INPUT FOR THIS TASK:
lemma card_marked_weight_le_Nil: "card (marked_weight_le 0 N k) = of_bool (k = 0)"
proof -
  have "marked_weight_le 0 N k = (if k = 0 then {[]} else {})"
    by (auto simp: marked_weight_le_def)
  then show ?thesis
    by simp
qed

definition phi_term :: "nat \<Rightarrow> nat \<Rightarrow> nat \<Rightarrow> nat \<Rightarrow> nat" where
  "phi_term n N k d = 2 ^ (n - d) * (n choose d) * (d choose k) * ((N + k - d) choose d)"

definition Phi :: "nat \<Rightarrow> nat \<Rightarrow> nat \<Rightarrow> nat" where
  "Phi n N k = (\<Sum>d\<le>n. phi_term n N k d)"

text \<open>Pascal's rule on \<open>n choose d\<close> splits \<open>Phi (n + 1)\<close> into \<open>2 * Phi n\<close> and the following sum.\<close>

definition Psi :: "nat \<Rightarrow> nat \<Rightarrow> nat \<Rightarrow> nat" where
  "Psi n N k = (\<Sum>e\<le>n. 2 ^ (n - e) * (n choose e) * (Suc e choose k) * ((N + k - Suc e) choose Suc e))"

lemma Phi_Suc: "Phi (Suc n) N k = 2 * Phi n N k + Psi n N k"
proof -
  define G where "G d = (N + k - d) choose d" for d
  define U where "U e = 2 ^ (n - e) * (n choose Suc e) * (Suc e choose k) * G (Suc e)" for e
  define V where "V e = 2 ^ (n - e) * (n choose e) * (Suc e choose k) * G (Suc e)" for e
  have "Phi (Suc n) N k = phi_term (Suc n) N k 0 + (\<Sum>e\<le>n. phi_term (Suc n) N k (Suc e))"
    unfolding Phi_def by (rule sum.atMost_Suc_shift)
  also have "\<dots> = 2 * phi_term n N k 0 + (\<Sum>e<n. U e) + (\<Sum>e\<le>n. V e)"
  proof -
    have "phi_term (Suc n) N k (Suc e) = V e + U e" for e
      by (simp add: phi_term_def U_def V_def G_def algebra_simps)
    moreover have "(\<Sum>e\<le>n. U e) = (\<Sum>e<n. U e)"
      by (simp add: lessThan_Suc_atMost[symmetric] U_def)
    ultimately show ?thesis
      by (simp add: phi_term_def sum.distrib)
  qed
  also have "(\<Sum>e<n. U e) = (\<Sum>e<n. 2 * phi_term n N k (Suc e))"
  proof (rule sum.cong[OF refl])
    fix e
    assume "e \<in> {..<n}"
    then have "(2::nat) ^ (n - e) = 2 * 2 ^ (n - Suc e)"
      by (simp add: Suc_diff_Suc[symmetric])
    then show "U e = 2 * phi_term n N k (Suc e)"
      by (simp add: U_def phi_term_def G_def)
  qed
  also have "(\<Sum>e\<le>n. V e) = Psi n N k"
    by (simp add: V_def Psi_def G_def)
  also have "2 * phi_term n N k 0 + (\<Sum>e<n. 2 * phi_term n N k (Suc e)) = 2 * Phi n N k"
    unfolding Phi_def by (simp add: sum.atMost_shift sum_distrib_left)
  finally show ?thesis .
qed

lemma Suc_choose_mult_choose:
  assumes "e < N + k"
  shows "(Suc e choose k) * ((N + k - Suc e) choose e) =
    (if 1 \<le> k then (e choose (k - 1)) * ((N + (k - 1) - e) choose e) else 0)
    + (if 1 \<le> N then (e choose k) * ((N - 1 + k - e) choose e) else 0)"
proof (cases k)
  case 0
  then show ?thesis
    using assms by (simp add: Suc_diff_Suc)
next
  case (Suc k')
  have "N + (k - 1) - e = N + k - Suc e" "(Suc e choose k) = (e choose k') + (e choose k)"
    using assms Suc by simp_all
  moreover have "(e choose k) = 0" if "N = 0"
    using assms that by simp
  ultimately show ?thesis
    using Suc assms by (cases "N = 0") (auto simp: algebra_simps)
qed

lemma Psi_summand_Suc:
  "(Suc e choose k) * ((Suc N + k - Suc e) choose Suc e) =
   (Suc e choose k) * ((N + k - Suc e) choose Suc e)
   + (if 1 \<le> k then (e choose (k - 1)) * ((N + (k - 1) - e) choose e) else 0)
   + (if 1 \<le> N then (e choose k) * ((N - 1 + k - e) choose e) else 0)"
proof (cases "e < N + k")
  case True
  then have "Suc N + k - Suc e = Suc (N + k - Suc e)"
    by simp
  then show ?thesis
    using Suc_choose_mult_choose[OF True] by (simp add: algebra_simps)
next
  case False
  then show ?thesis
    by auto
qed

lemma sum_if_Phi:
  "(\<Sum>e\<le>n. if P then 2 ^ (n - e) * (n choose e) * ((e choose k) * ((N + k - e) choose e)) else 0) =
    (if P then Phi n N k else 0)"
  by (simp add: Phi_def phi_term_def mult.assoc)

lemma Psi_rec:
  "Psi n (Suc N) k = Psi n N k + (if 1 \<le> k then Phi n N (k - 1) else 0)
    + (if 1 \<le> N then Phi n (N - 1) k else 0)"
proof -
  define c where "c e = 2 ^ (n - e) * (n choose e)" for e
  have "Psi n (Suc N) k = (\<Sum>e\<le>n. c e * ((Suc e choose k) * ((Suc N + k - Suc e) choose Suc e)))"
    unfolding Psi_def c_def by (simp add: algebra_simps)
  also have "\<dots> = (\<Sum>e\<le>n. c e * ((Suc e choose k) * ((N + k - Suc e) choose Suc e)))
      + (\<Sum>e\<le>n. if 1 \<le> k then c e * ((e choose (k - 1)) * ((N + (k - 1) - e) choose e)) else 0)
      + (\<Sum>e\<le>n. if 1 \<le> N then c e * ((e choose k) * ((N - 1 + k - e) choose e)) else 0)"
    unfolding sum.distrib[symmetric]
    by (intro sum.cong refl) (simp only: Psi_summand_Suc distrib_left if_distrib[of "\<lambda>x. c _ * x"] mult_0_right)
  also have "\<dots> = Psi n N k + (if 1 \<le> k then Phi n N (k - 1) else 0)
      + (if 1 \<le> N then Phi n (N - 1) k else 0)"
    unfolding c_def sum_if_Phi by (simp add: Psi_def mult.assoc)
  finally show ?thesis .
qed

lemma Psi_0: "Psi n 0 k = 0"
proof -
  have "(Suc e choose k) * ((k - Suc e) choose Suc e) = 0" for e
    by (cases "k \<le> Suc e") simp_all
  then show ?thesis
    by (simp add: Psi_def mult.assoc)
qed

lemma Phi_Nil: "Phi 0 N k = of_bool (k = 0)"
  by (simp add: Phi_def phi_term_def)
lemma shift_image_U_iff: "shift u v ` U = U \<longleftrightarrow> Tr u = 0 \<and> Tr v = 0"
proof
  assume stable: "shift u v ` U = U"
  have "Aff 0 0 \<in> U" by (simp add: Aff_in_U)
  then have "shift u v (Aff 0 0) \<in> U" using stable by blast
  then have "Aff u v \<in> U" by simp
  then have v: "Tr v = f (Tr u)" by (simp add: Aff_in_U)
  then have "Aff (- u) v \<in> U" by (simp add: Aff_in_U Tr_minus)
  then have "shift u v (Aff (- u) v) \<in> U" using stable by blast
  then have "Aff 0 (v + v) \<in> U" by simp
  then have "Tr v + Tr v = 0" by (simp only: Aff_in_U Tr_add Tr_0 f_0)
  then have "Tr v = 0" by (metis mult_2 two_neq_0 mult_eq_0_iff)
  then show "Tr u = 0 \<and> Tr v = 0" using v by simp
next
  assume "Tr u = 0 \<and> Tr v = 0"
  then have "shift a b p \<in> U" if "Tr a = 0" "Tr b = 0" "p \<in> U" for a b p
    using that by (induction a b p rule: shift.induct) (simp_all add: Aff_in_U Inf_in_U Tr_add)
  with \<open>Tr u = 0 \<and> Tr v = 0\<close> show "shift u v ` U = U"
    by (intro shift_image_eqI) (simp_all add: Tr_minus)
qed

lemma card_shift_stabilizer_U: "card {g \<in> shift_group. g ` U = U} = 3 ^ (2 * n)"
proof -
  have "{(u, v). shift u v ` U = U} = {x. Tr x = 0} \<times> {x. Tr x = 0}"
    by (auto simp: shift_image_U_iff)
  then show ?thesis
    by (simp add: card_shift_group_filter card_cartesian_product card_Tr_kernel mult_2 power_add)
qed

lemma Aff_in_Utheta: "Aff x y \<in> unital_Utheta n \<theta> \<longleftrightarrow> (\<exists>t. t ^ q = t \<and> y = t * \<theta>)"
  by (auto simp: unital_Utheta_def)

* * *

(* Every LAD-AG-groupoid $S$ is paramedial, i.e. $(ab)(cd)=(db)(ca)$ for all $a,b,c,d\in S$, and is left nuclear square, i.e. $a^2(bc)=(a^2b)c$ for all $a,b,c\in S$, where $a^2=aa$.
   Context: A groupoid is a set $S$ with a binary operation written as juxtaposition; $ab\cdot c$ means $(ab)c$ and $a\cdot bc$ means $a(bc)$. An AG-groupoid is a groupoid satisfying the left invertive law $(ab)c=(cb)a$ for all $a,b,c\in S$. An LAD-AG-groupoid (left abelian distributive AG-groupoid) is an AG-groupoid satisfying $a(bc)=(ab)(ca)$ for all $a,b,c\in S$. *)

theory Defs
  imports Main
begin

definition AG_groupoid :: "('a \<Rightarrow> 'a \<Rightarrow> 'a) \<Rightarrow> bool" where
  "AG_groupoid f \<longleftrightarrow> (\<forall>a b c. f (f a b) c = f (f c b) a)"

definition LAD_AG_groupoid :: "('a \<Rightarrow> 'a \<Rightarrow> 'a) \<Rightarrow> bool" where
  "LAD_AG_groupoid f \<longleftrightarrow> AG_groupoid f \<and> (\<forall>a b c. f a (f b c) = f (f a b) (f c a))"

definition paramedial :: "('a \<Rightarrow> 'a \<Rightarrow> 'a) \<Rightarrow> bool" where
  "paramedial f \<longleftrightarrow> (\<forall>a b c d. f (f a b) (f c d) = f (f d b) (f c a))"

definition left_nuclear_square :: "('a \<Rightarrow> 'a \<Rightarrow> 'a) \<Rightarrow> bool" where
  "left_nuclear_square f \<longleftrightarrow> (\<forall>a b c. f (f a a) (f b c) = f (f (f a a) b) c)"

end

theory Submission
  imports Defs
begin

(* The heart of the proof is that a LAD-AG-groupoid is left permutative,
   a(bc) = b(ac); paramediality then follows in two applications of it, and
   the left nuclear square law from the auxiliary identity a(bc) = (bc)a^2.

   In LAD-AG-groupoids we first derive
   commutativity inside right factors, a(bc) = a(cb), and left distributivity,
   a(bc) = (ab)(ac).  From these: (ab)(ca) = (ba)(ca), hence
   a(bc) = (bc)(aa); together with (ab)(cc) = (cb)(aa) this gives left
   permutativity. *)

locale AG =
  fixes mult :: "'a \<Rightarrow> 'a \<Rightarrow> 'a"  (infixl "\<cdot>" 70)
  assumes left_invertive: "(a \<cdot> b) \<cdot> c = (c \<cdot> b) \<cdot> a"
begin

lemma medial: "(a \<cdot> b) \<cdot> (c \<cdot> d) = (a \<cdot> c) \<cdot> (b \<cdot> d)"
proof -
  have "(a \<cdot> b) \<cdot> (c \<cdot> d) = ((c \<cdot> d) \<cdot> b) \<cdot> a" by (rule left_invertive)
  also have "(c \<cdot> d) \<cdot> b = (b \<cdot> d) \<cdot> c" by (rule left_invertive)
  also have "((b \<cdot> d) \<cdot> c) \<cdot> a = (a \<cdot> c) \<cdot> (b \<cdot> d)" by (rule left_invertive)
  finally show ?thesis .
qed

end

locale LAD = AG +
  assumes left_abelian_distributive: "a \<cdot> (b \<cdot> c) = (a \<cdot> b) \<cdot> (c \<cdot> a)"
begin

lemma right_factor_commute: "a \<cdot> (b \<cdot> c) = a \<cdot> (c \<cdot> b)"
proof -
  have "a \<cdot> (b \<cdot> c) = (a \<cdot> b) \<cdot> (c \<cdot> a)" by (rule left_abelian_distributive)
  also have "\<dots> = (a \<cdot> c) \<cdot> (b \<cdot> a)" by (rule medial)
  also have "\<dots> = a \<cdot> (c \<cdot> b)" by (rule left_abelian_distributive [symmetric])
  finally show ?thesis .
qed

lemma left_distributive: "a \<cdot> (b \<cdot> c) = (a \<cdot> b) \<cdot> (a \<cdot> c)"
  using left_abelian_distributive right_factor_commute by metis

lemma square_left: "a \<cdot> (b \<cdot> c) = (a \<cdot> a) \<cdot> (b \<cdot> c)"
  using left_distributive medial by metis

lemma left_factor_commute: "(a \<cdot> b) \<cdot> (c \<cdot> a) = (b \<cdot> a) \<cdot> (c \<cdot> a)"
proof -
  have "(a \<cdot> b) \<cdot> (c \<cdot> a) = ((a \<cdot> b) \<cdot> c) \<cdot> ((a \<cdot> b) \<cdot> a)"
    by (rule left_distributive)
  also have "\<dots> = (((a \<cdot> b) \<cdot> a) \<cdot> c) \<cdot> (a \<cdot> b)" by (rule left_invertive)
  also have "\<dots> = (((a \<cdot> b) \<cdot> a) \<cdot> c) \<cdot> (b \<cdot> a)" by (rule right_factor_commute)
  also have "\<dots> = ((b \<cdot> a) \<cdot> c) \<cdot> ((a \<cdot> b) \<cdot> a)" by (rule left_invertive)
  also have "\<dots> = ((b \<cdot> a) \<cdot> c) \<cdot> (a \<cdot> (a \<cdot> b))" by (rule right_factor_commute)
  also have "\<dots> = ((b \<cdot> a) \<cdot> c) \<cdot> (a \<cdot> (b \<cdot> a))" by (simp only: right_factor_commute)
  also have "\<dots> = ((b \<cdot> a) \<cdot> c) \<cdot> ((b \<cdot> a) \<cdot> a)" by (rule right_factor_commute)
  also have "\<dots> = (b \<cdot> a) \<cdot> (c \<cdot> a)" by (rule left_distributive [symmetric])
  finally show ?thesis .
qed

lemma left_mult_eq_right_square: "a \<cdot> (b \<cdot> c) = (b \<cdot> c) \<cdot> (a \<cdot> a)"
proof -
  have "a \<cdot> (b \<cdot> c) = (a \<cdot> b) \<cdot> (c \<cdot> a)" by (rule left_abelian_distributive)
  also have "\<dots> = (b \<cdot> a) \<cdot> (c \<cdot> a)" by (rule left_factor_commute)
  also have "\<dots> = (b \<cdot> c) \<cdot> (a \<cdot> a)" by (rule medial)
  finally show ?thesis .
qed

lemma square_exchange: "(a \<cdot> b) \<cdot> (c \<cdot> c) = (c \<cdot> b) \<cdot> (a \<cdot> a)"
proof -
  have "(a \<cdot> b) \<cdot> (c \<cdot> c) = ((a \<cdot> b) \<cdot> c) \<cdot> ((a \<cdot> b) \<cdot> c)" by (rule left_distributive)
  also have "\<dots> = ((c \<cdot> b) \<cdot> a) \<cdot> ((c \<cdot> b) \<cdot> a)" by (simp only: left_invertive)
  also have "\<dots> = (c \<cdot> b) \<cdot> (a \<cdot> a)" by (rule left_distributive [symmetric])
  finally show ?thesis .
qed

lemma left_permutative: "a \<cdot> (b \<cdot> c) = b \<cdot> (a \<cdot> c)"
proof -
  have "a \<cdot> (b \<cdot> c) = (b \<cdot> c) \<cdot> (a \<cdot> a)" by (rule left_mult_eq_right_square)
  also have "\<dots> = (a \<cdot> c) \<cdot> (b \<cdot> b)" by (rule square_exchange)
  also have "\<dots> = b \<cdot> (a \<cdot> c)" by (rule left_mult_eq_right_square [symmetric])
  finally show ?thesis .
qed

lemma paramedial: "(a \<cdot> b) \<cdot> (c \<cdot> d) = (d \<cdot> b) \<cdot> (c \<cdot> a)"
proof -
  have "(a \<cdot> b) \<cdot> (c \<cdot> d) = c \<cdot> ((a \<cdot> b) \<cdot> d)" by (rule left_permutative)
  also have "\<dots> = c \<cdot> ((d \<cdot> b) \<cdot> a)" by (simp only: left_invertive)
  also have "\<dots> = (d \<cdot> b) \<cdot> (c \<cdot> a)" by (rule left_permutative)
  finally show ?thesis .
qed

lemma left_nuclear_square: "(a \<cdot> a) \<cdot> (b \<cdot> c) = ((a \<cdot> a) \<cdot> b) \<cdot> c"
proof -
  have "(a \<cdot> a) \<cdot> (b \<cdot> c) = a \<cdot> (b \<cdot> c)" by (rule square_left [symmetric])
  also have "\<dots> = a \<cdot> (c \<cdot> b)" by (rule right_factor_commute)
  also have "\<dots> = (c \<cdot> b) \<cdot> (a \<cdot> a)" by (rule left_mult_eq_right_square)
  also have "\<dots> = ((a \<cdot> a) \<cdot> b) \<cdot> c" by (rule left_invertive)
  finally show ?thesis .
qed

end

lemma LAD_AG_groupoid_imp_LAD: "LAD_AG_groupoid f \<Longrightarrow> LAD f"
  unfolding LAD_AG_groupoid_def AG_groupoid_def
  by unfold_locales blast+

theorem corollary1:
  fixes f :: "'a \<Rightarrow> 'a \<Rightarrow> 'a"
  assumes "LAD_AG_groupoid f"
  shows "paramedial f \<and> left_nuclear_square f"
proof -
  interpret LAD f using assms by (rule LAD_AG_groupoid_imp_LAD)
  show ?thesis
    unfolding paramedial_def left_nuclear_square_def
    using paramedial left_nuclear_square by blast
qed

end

* * *

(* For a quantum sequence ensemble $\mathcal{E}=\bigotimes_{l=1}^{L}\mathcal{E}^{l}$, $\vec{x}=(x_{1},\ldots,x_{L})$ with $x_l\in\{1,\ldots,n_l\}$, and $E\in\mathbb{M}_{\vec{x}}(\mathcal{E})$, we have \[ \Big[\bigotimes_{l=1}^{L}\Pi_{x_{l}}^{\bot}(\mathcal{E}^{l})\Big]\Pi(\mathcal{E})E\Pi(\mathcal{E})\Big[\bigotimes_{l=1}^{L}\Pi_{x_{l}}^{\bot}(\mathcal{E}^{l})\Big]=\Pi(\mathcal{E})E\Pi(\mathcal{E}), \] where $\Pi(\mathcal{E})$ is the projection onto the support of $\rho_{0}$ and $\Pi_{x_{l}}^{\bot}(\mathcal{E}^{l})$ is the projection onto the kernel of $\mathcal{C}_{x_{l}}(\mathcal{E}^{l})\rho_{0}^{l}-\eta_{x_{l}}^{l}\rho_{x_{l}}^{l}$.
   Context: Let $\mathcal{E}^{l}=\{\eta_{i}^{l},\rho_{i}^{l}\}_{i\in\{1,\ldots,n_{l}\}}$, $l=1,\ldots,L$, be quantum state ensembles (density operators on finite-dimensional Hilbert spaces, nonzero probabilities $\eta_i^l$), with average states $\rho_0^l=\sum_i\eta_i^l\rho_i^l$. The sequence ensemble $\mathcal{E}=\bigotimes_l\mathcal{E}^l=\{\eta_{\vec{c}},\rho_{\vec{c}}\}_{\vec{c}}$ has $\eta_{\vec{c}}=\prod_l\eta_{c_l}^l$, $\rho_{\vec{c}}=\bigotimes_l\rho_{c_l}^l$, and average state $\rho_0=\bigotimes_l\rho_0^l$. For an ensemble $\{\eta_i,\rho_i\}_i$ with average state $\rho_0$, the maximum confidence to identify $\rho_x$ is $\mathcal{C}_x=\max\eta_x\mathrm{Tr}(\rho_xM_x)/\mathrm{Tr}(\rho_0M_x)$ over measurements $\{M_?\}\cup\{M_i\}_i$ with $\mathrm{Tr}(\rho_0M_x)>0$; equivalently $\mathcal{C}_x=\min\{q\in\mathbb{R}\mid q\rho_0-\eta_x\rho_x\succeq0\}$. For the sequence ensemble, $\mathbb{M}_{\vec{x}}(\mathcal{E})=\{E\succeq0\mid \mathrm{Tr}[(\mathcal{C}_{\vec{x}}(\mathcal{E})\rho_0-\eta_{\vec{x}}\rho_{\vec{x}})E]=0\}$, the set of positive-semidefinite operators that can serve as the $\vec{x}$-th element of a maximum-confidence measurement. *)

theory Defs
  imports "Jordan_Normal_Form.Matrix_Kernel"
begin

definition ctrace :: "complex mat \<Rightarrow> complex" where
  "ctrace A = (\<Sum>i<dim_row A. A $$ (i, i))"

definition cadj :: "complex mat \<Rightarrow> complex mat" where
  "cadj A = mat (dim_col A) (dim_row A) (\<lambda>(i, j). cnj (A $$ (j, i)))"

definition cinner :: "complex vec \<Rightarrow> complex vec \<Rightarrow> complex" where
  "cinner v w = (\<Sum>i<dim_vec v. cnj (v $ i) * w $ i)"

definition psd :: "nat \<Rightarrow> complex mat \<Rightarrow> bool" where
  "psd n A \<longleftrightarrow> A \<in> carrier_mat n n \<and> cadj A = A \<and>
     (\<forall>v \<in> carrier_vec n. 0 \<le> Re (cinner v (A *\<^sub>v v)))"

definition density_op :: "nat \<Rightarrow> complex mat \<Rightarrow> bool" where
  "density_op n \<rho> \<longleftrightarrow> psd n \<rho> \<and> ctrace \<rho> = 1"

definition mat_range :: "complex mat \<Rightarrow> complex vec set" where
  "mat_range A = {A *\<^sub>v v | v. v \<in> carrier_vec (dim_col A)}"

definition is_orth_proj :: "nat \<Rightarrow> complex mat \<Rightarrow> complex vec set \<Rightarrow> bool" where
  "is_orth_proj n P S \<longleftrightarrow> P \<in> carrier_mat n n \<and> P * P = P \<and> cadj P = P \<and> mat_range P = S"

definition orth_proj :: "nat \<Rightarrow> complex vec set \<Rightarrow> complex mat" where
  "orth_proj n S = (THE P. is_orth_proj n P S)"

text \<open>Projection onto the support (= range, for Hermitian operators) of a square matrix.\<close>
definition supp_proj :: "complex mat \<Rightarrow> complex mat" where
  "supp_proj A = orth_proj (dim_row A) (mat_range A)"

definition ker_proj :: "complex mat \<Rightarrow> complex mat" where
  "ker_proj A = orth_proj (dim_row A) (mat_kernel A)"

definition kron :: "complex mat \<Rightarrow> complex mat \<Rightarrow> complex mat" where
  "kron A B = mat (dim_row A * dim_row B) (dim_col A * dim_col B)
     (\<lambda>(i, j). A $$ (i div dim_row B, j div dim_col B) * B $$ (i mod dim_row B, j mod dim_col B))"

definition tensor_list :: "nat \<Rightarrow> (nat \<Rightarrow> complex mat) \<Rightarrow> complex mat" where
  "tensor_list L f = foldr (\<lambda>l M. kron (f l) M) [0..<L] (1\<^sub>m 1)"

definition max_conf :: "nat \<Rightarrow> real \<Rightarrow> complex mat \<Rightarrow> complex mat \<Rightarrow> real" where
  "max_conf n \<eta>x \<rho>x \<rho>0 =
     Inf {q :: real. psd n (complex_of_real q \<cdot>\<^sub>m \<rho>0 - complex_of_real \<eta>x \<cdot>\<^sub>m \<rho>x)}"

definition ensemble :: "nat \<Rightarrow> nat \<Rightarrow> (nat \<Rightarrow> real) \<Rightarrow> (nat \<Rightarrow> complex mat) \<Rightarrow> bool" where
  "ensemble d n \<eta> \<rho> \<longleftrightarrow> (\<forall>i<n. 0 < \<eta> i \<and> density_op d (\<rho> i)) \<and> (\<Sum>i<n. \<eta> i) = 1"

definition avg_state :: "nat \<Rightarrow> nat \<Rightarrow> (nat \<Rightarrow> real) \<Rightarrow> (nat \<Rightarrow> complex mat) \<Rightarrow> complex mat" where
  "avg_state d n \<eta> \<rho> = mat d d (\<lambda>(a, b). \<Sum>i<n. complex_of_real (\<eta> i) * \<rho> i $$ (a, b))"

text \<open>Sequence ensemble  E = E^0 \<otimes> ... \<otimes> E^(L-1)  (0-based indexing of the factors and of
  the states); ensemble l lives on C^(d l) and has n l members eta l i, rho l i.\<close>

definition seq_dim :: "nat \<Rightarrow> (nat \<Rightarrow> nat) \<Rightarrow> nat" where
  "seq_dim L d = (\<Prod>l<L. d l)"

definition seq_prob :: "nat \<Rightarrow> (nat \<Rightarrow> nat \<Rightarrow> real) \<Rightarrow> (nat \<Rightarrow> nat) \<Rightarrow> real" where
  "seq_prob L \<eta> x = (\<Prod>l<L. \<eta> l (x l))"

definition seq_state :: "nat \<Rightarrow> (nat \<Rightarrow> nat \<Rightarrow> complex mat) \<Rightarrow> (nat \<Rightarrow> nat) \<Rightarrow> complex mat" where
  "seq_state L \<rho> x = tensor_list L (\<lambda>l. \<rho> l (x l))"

THE TASK: Look above for the line holding "(\<forall>i<n. 0 <". Print it and every line after it, exactly, through the line holding "the states); ensemble".

THE ANSWER:
  "ensemble d n \<eta> \<rho> \<longleftrightarrow> (\<forall>i<n. 0 < \<eta> i \<and> density_op d (\<rho> i)) \<and> (\<Sum>i<n. \<eta> i) = 1"

definition avg_state :: "nat \<Rightarrow> nat \<Rightarrow> (nat \<Rightarrow> real) \<Rightarrow> (nat \<Rightarrow> complex mat) \<Rightarrow> complex mat" where
  "avg_state d n \<eta> \<rho> = mat d d (\<lambda>(a, b). \<Sum>i<n. complex_of_real (\<eta> i) * \<rho> i $$ (a, b))"

text \<open>Sequence ensemble  E = E^0 \<otimes> ... \<otimes> E^(L-1)  (0-based indexing of the factors and of
  the states); ensemble l lives on C^(d l) and has n l members eta l i, rho l i.\<close>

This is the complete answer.